-------- Records for the task

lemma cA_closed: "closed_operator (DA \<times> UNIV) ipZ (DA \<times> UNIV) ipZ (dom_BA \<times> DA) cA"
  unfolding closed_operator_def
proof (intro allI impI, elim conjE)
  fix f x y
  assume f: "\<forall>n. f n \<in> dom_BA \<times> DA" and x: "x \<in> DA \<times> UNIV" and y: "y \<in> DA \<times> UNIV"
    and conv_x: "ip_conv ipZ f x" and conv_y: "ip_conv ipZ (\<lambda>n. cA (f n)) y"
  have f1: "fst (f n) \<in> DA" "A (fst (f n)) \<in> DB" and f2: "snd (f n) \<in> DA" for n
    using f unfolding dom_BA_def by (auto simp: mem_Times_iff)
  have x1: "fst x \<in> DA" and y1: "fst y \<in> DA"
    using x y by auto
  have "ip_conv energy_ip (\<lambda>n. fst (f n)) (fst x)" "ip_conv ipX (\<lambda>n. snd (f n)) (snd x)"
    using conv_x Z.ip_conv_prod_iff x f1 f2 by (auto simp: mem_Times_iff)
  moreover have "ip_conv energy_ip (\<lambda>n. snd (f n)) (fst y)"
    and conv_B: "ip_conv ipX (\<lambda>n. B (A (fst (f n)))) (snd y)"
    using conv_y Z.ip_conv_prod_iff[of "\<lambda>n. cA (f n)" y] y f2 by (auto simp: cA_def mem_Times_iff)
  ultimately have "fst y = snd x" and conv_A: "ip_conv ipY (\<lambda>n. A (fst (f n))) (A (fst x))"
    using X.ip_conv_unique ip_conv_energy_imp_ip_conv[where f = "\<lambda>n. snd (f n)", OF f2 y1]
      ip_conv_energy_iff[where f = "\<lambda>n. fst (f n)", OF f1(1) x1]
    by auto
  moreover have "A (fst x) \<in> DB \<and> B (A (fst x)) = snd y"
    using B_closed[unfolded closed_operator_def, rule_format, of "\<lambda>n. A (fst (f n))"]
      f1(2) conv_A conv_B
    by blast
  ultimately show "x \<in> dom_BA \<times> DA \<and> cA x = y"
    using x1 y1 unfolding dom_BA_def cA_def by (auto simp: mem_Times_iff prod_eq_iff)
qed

----------------
-------- Records for the task

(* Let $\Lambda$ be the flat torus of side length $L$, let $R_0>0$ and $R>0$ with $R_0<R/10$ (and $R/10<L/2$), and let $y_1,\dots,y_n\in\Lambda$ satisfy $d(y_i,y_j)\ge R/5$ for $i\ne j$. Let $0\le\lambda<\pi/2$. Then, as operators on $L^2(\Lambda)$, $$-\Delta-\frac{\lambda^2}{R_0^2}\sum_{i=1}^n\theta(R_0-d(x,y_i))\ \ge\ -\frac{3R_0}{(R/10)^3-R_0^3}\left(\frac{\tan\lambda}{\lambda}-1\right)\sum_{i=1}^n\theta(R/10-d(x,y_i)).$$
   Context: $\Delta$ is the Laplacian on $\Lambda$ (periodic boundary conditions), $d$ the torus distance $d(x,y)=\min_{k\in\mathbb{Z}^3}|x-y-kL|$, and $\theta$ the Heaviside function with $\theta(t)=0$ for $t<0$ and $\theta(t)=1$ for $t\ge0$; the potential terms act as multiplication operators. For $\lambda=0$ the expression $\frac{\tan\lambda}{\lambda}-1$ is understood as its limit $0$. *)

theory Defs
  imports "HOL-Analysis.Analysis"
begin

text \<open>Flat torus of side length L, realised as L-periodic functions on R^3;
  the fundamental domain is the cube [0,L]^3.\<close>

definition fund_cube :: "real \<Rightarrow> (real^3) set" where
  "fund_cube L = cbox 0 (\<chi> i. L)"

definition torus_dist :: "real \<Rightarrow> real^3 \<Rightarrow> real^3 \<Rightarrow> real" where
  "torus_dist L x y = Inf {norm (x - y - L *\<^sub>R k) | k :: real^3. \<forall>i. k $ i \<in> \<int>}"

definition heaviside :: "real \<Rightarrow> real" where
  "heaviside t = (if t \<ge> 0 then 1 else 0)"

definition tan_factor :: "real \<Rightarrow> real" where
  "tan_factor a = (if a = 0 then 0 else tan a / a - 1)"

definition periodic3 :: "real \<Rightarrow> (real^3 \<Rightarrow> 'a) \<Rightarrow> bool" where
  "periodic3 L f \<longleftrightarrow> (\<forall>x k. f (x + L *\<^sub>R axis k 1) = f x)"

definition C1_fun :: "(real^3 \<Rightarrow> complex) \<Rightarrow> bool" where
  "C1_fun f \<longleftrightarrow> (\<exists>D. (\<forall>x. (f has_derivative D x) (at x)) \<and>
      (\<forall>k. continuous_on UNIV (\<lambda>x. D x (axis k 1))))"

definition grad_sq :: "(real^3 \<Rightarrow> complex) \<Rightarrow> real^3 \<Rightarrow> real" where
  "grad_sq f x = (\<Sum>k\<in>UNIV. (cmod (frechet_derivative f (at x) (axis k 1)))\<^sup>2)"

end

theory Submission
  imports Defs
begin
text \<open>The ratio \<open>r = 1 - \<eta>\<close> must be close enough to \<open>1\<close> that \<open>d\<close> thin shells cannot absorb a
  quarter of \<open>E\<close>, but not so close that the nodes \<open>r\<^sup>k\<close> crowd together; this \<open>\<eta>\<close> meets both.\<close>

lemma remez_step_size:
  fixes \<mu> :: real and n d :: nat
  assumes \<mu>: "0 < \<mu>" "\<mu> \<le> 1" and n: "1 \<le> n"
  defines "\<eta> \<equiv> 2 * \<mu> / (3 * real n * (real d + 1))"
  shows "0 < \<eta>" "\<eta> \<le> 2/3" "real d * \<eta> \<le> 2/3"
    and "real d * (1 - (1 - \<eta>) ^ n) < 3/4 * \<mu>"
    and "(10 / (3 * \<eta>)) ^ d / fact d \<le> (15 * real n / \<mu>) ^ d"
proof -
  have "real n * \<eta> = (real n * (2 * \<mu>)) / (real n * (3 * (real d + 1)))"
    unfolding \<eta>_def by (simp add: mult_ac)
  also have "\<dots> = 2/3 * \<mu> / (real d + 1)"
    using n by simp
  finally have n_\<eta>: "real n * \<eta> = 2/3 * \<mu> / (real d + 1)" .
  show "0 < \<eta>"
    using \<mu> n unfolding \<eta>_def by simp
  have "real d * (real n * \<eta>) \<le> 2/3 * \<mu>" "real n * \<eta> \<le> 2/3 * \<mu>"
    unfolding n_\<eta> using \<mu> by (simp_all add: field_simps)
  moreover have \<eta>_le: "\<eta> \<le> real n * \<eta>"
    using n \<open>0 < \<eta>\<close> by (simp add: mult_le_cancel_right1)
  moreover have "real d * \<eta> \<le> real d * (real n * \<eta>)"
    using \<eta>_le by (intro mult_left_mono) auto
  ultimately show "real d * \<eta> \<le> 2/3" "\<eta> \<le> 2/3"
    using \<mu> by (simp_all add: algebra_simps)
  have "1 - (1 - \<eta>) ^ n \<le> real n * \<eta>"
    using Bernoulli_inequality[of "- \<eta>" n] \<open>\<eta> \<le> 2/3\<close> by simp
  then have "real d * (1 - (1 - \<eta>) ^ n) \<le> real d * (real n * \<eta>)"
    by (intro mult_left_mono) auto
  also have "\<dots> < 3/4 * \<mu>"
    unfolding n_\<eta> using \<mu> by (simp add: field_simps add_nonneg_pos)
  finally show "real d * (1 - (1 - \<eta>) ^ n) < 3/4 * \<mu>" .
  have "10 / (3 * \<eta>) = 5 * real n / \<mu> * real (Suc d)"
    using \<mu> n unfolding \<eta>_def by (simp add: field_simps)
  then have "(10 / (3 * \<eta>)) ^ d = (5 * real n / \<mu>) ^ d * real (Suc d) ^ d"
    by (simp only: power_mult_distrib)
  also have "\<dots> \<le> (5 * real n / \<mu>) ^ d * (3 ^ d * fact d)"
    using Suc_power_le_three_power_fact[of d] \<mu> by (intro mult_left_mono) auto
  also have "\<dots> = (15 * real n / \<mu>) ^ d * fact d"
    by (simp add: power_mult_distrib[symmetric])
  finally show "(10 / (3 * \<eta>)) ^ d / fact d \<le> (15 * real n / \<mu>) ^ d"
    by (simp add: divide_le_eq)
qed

----------------

◆ **What you are asked to do**
Only the lines containing the word "that" should be returned from the data above.

◆ **Output of the exercise**
text \<open>The ratio \<open>r = 1 - \<eta>\<close> must be close enough to \<open>1\<close> that \<open>d\<close> thin shells cannot absorb a
  quarter of \<open>E\<close>, but not so close that the nodes \<open>r\<^sup>k\<close> crowd together; this \<open>\<eta>\<close> meets both.\<close>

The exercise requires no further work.